• **Study material**
(* Let $K$ be an infinite field containing $\mathbb{F}_q$, let $B\in\mathrm{GL}_n(K)$, and let $N\in\mathrm{GL}_n(K)$ be such that $N^{-1}BN^{(q)}=\Delta$, where $\Delta$ is the matrix with $1$'s on the subdiagonal, last column $(a_0,a_1,\dots,a_{n-1})^T$ and all other entries $0$. Then the splitting fields over $K$ of the systems $BX^{(q)}=X$ and $\Delta^*X^{(q)}=X$ coincide, where $\Delta^*=(\Delta^{-1})^T$.
   Context: $X^{(q)}$, $N^{(q)}$ denote entrywise $q$-th powers. The splitting field over $K$ of $CX^{(q)}=X$ is the subfield of $K_{\mathrm{sep}}$ generated over $K$ by the coordinates of all its solutions in $K_{\mathrm{sep}}^n$. (Such $N$ exists since Frobenius modules over infinite fields are cyclic.) *)

theory Defs
  imports "Jordan_Normal_Form.Matrix" "HOL-Computational_Algebra.Polynomial"
begin

definition is_subfield :: "'a::field set \<Rightarrow> bool" where
  "is_subfield F \<longleftrightarrow> 0 \<in> F \<and> 1 \<in> F \<and>
     (\<forall>x\<in>F. \<forall>y\<in>F. x + y \<in> F \<and> x - y \<in> F \<and> x * y \<in> F) \<and>
     (\<forall>x\<in>F. inverse x \<in> F)"

definition gen_field :: "'a::field set \<Rightarrow> 'a set \<Rightarrow> 'a set" where
  "gen_field F S = \<Inter> {E. is_subfield E \<and> F \<union> S \<subseteq> E}"

definition alg_closed :: "'a::field itself \<Rightarrow> bool" where
  "alg_closed _ \<longleftrightarrow> (\<forall>p::'a poly. degree p \<ge> 1 \<longrightarrow> (\<exists>x. poly p x = 0))"

definition mat_inv :: "'a::field mat \<Rightarrow> 'a mat" where
  "mat_inv A = (THE B. B \<in> carrier_mat (dim_row A) (dim_row A) \<and> inverts_mat A B \<and> inverts_mat B A)"

definition qpow_mat :: "nat \<Rightarrow> 'a::field mat \<Rightarrow> 'a mat" where
  "qpow_mat q M = map_mat (\<lambda>x. x ^ q) M"

definition qpow_vec :: "nat \<Rightarrow> 'a::field vec \<Rightarrow> 'a vec" where
  "qpow_vec q X = map_vec (\<lambda>x. x ^ q) X"

definition Delta_mat :: "nat \<Rightarrow> (nat \<Rightarrow> 'a::field) \<Rightarrow> 'a mat" where
  "Delta_mat n a = mat n n (\<lambda>(i,j). if j = n - 1 then a i else if i = j + 1 then 1 else 0)"

definition dual_mat :: "'a::field mat \<Rightarrow> 'a mat" where
  "dual_mat A = transpose_mat (mat_inv A)"

definition frob_solutions :: "nat \<Rightarrow> nat \<Rightarrow> 'a::field mat \<Rightarrow> 'a vec set" where
  "frob_solutions q n C = {X. X \<in> carrier_vec n \<and> C *\<^sub>v qpow_vec q X = X}"
(* $\mathcal{L}_{\mathsf{SAFA}}\subsetneq\mathcal{L}_{\mathsf{CCA}}$: every data language accepted by a SAFA is accepted by some class counting automaton, and some data language accepted by a class counting automaton is accepted by no SAFA.
   Context: $D$ is a fixed countably infinite set of data values; for a finite alphabet $\Sigma$, data languages are subsets of $(\Sigma\times D)^*$. A set augmented finite automaton (SAFA) is a tuple $M=(Q,\Sigma\times D,q_0,F,H,\delta)$: $Q$ finite set of states, $q_0\in Q$ initial, $F\subseteq Q$ final, $H=\{h_1,\dots,h_m\}$ a finite collection of (names of) sets of data values, $\delta\subseteq Q\times\Sigma\times C\times OP\times Q$ with $C=\{p(h_i),\,!p(h_i)\}$, $OP=\{-\}\cup\{\mathsf{ins}(h_i)\}$. Configurations are $(q,\langle S_1,\dots,S_m\rangle)$, $S_i\subseteq D$ finite; initially state $q_0$ and all sets empty. On reading $(a,d)$, a transition $(q,a,\alpha,op,q')$ from the current state may be taken if $\alpha=p(h_i)$ and $d\in S_i$, or $\alpha=\,!p(h_i)$ and $d\notin S_i$; then the state becomes $q'$ and if $op=\mathsf{ins}(h_j)$, $d$ is added to $S_j$. A word is accepted if some run reads it entirely and ends in $F$; $\mathcal{L}_{\mathsf{SAFA}}$ is the class of languages accepted by SAFA. A class counting automaton (CCA) is a tuple $(Q,\Sigma,\delta,q_0,F)$ with finite state set $Q$, initial state $q_0$, final states $F$, and $\delta\subseteq Q\times\Sigma\times C\times\mathit{Inst}\times\mathbb{N}\times Q$, where a constraint in $C$ is a pair $(\mathsf{op},e)$ with $\mathsf{op}\in\{<,>,=,\leq,\geq,\neq\}$, $e\in\mathbb{N}$, and $\mathit{Inst}=\{\uparrow^+,\downarrow\}$. The automaton maintains a bag $\beta:D\to\mathbb{N}$, initially $\beta(d)=0$ for all $d$. On reading $(a,d)$ in state $q$ it may take a transition $(q,a,(\mathsf{op},e),\mathit{ins},m,q')$ provided $\beta(d)\ \mathsf{op}\ e$ holds; then $\beta(d)$ is increased by $m$ if $\mathit{ins}=\uparrow^+$, or reset to $m$ if $\mathit{ins}=\downarrow$, and the state becomes $q'$. A word is accepted if some run reads it entirely and ends in $F$. $\mathcal{L}_{\mathsf{CCA}}$ is the class of languages accepted by CCA. *)

theory Defs
  imports Main
begin

text \<open>Data values: the fixed countably infinite set D is represented by the type nat.\<close>
type_synonym data = nat

text \<open>Sets h_1..h_m are indexed by 0..m-1.\<close>
datatype safa_cond = Pin nat | NotPin nat
datatype safa_op = NoOp | Ins nat

record ('q, 'a) safa =
  sQ :: "'q set"
  sSigma :: "'a set"
  sq0 :: 'q
  sF :: "'q set"
  sm :: nat
  sdelta :: "('q \<times> 'a \<times> safa_cond \<times> safa_op \<times> 'q) set"

definition cond_ok :: "nat \<Rightarrow> safa_cond \<Rightarrow> bool" where
  "cond_ok m c = (case c of Pin i \<Rightarrow> i < m | NotPin i \<Rightarrow> i < m)"

definition op_ok :: "nat \<Rightarrow> safa_op \<Rightarrow> bool" where
  "op_ok m o' = (case o' of NoOp \<Rightarrow> True | Ins j \<Rightarrow> j < m)"

definition safa_wf :: "('q, 'a) safa \<Rightarrow> bool" where
  "safa_wf M \<longleftrightarrow> finite (sQ M) \<and> finite (sSigma M) \<and> sq0 M \<in> sQ M \<and> sF M \<subseteq> sQ M \<and>
     (\<forall>(q, a, c, o', q') \<in> sdelta M. q \<in> sQ M \<and> a \<in> sSigma M \<and> cond_ok (sm M) c
        \<and> op_ok (sm M) o' \<and> q' \<in> sQ M)"

fun safa_holds :: "safa_cond \<Rightarrow> (nat \<Rightarrow> data set) \<Rightarrow> data \<Rightarrow> bool" where
  "safa_holds (Pin i) S d = (d \<in> S i)"
| "safa_holds (NotPin i) S d = (d \<notin> S i)"

fun safa_apply :: "safa_op \<Rightarrow> data \<Rightarrow> (nat \<Rightarrow> data set) \<Rightarrow> (nat \<Rightarrow> data set)" where
  "safa_apply NoOp d S = S"
| "safa_apply (Ins j) d S = S(j := insert d (S j))"

inductive safa_run :: "('q, 'a) safa \<Rightarrow> 'q \<times> (nat \<Rightarrow> data set) \<Rightarrow> ('a \<times> data) list
    \<Rightarrow> 'q \<times> (nat \<Rightarrow> data set) \<Rightarrow> bool" for M where
  safa_nil: "safa_run M c [] c"
| safa_step: "(q, a, c, o', q') \<in> sdelta M \<Longrightarrow> safa_holds c S d \<Longrightarrow>
     safa_run M (q', safa_apply o' d S) w cf \<Longrightarrow> safa_run M (q, S) ((a, d) # w) cf"

definition safa_lang :: "('q, 'a) safa \<Rightarrow> ('a \<times> data) list set" where
  "safa_lang M = {w. \<exists>q S. safa_run M (sq0 M, \<lambda>_. {}) w (q, S) \<and> q \<in> sF M}"

datatype cca_rel = RLt | RGt | REq | RLe | RGe | RNe
datatype cca_inst = IncBy | ResetTo

fun cca_holds :: "cca_rel \<Rightarrow> nat \<Rightarrow> nat \<Rightarrow> bool" where
  "cca_holds RLt x e = (x < e)"
| "cca_holds RGt x e = (x > e)"
| "cca_holds REq x e = (x = e)"
| "cca_holds RLe x e = (x \<le> e)"
| "cca_holds RGe x e = (x \<ge> e)"
| "cca_holds RNe x e = (x \<noteq> e)"

fun cca_apply :: "cca_inst \<Rightarrow> nat \<Rightarrow> nat \<Rightarrow> nat" where
  "cca_apply IncBy m x = x + m"
| "cca_apply ResetTo m x = m"

record ('q, 'a) cca =
  cQ :: "'q set"
  cSigma :: "'a set"
  cdelta :: "('q \<times> 'a \<times> (cca_rel \<times> nat) \<times> cca_inst \<times> nat \<times> 'q) set"
  cq0 :: 'q
  cF :: "'q set"

definition cca_wf :: "('q, 'a) cca \<Rightarrow> bool" where
  "cca_wf C \<longleftrightarrow> finite (cQ C) \<and> finite (cSigma C) \<and> finite (cdelta C) \<and> cq0 C \<in> cQ C \<and>
     cF C \<subseteq> cQ C \<and>
     (\<forall>(q, a, ce, ins, m, q') \<in> cdelta C. q \<in> cQ C \<and> a \<in> cSigma C \<and> q' \<in> cQ C)"
(* Let $K$ be a field and $L$ a $K$-space carrying an algebra $(L,\nabla,\eta)$ and a coalgebra $(L,\Delta,\epsilon)$ such that $\epsilon\circ\eta=\mathrm{id}_K$ and $\Delta\circ\eta=\eta\otimes\eta$. Let $1_L=\eta(1_K)$, $H=\mathrm{Hom}_K(L,L)$, $\underline H=\mathrm{Hom}_K(L\otimes L,L\otimes L)$, $H_1=\{f\in H\mid f(1_L)=1_L\}$, $\underline H_1=\{F\in\underline H\mid F(1_L\otimes1_L)=1_L\otimes1_L\}$, and let $s:\underline H\to H\otimes H$ be the split map $s(F)=F_1\otimes F_2$ with $F_1(x)=(\mathrm{id}_L\otimes\epsilon)(F(x\otimes1_L))$, $F_2(x)=(\epsilon\otimes\mathrm{id}_L)(F(1_L\otimes x))$. Then for every $f\in H_1$, $\Delta\circ f\circ\nabla\in\underline H_1$ and $s(\Delta\circ f\circ\nabla)=f\otimes f$. Moreover, for any linearly independent set $\mathcal B\subseteq H_1$ with span $H_{\mathcal B}$, defining $\Delta_{\mathcal B}(\sum_b x_b b)=\sum_b x_b\,b\otimes b$ and $\epsilon_{\mathcal B}(f)=\epsilon(f(1_L))$, $(H_{\mathcal B},\Delta_{\mathcal B},\epsilon_{\mathcal B})$ is a coalgebra.
   Context: The identifications $L\otimes K\cong L\cong K\otimes L$ are used in the definitions of $F_1,F_2$. *)

theory Defs
  imports Complex_Main "HOL-Library.Function_Algebras"
begin

text \<open>An element of A (x) B is represented by the bilinear form it induces on pairs of
linear functionals: x (x) y corresponds to (alpha, beta) maps to alpha x * beta y.
Over a field this representation is injective, so A (x) B is identified with the
span of the elementary tensors inside this function space.\<close>

type_synonym ('a, 'b, 'k) tens = "('a \<Rightarrow> 'k) \<Rightarrow> ('b \<Rightarrow> 'k) \<Rightarrow> 'k"

definition dual :: "('k::field \<Rightarrow> 'a::ab_group_add \<Rightarrow> 'a) \<Rightarrow> ('a \<Rightarrow> 'k) set" where
  "dual sA = {\<alpha>. Vector_Spaces.linear sA ((*) :: 'k \<Rightarrow> 'k \<Rightarrow> 'k) \<alpha>}"

definition tensor ::
  "('k::field \<Rightarrow> 'a::ab_group_add \<Rightarrow> 'a) \<Rightarrow> ('k \<Rightarrow> 'b::ab_group_add \<Rightarrow> 'b) \<Rightarrow> 'a \<Rightarrow> 'b \<Rightarrow> ('a, 'b, 'k) tens" where
  "tensor sA sB x y = (\<lambda>\<alpha> \<beta>. if \<alpha> \<in> dual sA \<and> \<beta> \<in> dual sB then \<alpha> x * \<beta> y else 0)"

• **Instructions for the task**
In the data above, find the line with "(\<forall>(q, a, c, o', q')" and the line with "set) \<Rightarrow> data". Retype both, plus every line between them, exactly.

• **Reply to the task**
     (\<forall>(q, a, c, o', q') \<in> sdelta M. q \<in> sQ M \<and> a \<in> sSigma M \<and> cond_ok (sm M) c
        \<and> op_ok (sm M) o' \<and> q' \<in> sQ M)"

fun safa_holds :: "safa_cond \<Rightarrow> (nat \<Rightarrow> data set) \<Rightarrow> data \<Rightarrow> bool" where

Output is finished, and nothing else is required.